Einde inhoudsopgave
Wetboek van Burgerlijke Rechtsvordering
Artikel 126 [Anticiperen. Termijn. Meer gedaagden]
Geldend
Geldend vanaf 01-09-2008
- Bronpublicatie:
20-03-2008, Stb. 2008, 100 (uitgifte: 08-04-2008, kamerstukken: 30815)
- Inwerkingtreding
01-09-2008
- Bronpublicatie inwerkingtreding:
03-07-2008, Stb. 2008, 274 (uitgifte: 01-01-2008, kamerstukken/regelingnummer: -)
- Vakgebied(en)
Burgerlijk procesrecht / Algemeen
1.
De gedaagde kan de roldatum, vermeld in het exploot van dagvaarding, vervroegen door aan de eiser bij exploot een vroegere roldatum te doen aanzeggen, met vermelding van het uur indien alsdan een terechtzitting plaatsvindt.
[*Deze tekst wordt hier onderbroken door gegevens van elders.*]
(* Let $\bar x$ be a sparsest solution of problem (P), and let $\tilde X$ be an optimal solution of the QBP program for some $\lambda\ge0$. Suppose that: - $\operatorname{rank}(\tilde X)=1$; - $\|\tilde X\|_0<\tfrac12\left(1+\tfrac{1}{\mu(\mathbf{B})}\right)$, with the convention $1/0=\infty$. Then $\tilde X=\begin{bmatrix}1\\ \bar x\end{bmatrix}\begin{bmatrix}1 & \bar x^H\end{bmatrix}$.
   Context: Fix integers $n,N\ge 1$ and data $a_i\in\mathbb{C}$, $b_i,c_i\in\mathbb{C}^n$, $Q_i\in\mathbb{C}^{n\times n}$, $y_i\in\mathbb{C}$ for $i=1,\dots,N$. Problem (P) is $$\min_{x\in\mathbb{C}^n}\|x\|_0\quad\text{subject to}\quad y_i=a_i+b_i^H x+x^H c_i+x^H Q_i x,\quad i=1,\dots,N.$$ Here $\|\cdot\|_0$ counts nonzero entries of a vector or matrix, and ${}^H$ denotes conjugate transpose. Let $\Phi_i=\begin{bmatrix} a_i & b_i^H\\ c_i & Q_i\end{bmatrix}\in\mathbb{C}^{(n+1)\times(n+1)}$. Define the linear operator $B:\mathbb{C}^{(n+1)\times(n+1)}\to\mathbb{C}^N$ by $B(X)=(\operatorname{tr}(\Phi_i X))_{i=1}^N$. The QBP program with parameter $\lambda\ge0$ is $$\min_{X}\ \operatorname{tr}(X)+\lambda\|X\|_1\quad\text{subject to}\quad y_i=\operatorname{tr}(\Phi_i X)\ (i=1,\dots,N),\quad X_{1,1}=1,\quad X\succeq0,$$ where $X$ ranges over Hermitian $(n+1)\times(n+1)$ matrices and $\|X\|_1$ is the sum of absolute values of the entries. Let $\mathbf{B}\in\mathbb{C}^{N\times(n+1)^2}$ be the matrix satisfying $B(X)=\mathbf{B}\,\mathrm{vec}(X)$ for all $X$, where $\mathrm{vec}(X)$ is the vectorization of $X$ (stacking its entries into a vector). Assume every column of $\mathbf{B}$ is nonzero. For a matrix $A$ with nonzero columns $A_{:,1},\dots,A_{:,m}$, the mutual coherence is $\mu(A)=\max_{i\ne j}\frac{|A_{:,i}^H A_{:,j}|}{\|A_{:,i}\|\,\|A_{:,j}\|}$, with Euclidean norms. *)

theory Defs
  imports "HOL-Analysis.Analysis"
begin
lemma le_diff_interval_join:
  fixes f :: "real \<Rightarrow> real \<Rightarrow> real"
  assumes triangle: "\<And>a b c. a \<in> {x..z} \<Longrightarrow> b \<in> {x..z} \<Longrightarrow> c \<in> {x..z} \<Longrightarrow> f a c \<le> f a b + f b c"
    and left: "\<And>a b. x \<le> a \<Longrightarrow> a \<le> b \<Longrightarrow> b \<le> y \<Longrightarrow> f a b \<le> b - a"
    and right: "\<And>a b. y \<le> a \<Longrightarrow> a \<le> b \<Longrightarrow> b \<le> z \<Longrightarrow> f a b \<le> b - a"
    and "x \<le> a" "a \<le> b" "b \<le> z"
  shows "f a b \<le> b - a"
proof -
  consider "b \<le> y" | "y \<le> a" | "a < y" "y < b" by linarith
  then show ?thesis
  proof cases
    case 3
    have "f a b \<le> f a y + f y b" by (rule triangle) (use 3 assms in auto)
    moreover have "f a y \<le> y - a" "f y b \<le> b - y" using left right 3 assms by simp_all
    ultimately show ?thesis by linarith
  qed (use left right assms in auto)
qed

lemma le_abs_diff_by_thirds:
  fixes f :: "real \<Rightarrow> real \<Rightarrow> real"
  assumes triangle: "\<And>a b c. a \<in> {0..1} \<Longrightarrow> b \<in> {0..1} \<Longrightarrow> c \<in> {0..1} \<Longrightarrow> f a c \<le> f a b + f b c"
    and commute: "\<And>a b. f a b = f b a"
    and thirds: "\<And>k a b. k \<in> {0, 1, 2} \<Longrightarrow> real_of_int k / 3 \<le> a \<Longrightarrow> a \<le> b \<Longrightarrow>
                   b \<le> (real_of_int k + 1) / 3 \<Longrightarrow> f a b \<le> b - a"
    and "r \<in> {0..1}" "s \<in> {0..1}"
  shows "f r s \<le> \<bar>s - r\<bar>"
proof -
  have third0: "f a b \<le> b - a" if "0 \<le> a" "a \<le> b" "b \<le> 1/3" for a b
    using thirds[of 0 a b] that by simp
  have third1: "f a b \<le> b - a" if "1/3 \<le> a" "a \<le> b" "b \<le> 2/3" for a b
    using thirds[of 1 a b] that by simp
  have third2: "f a b \<le> b - a" if "2/3 \<le> a" "a \<le> b" "b \<le> 1" for a b
    using thirds[of 2 a b] that by simp
  have first_two_thirds: "f a b \<le> b - a" if "0 \<le> a" "a \<le> b" "b \<le> 2/3" for a b
  proof (rule le_diff_interval_join[of 0 "2/3" f "1/3", OF _ third0 third1 that])
    show "f a' c \<le> f a' b' + f b' c"
      if "a' \<in> {0..2/3}" "b' \<in> {0..2/3}" "c \<in> {0..2/3}" for a' b' c
      using that by (intro triangle) auto
  qed
  have ordered: "f a b \<le> b - a" if "0 \<le> a" "a \<le> b" "b \<le> 1" for a b
    using le_diff_interval_join[of 0 1 f "2/3", OF triangle first_two_thirds third2 that] .
  show ?thesis
    using ordered[of r s] ordered[of s r] commute[of r s] assms(4,5) by (cases "r \<le> s") auto
qed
In zaken waarin partijen niet in persoon kunnen procederen, wordt hierbij tevens advocaat gesteld.
2.
Die aanzegging geschiedt op straffe van nietigheid op een termijn van ten minste een week voor de aangezegde vroegere roldatum. De gedaagde dient het exploot van aanzegging uiterlijk op de laatste dag waarop de griffie is geopend, voorafgaande aan de vervroegde roldatum, in ter griffie.
3.
Zijn er medegedaagden, dan wordt de aanzegging, voor zover zij niet mede van hen uitgaat, bij exploot ook aan hen op straffe van nietigheid gedaan met inachtneming van zodanige termijn tussen dat exploot en de vervroegde roldatum, als waarop ieder van hen, als gedaagde, volgens de wet aanspraak zou kunnen maken.
4.
Wordt door meer dan één gedaagde van het recht de roldatum te vervroegen gebruik gemaakt, dan geldt de aanzegging van de vroegste roldatum.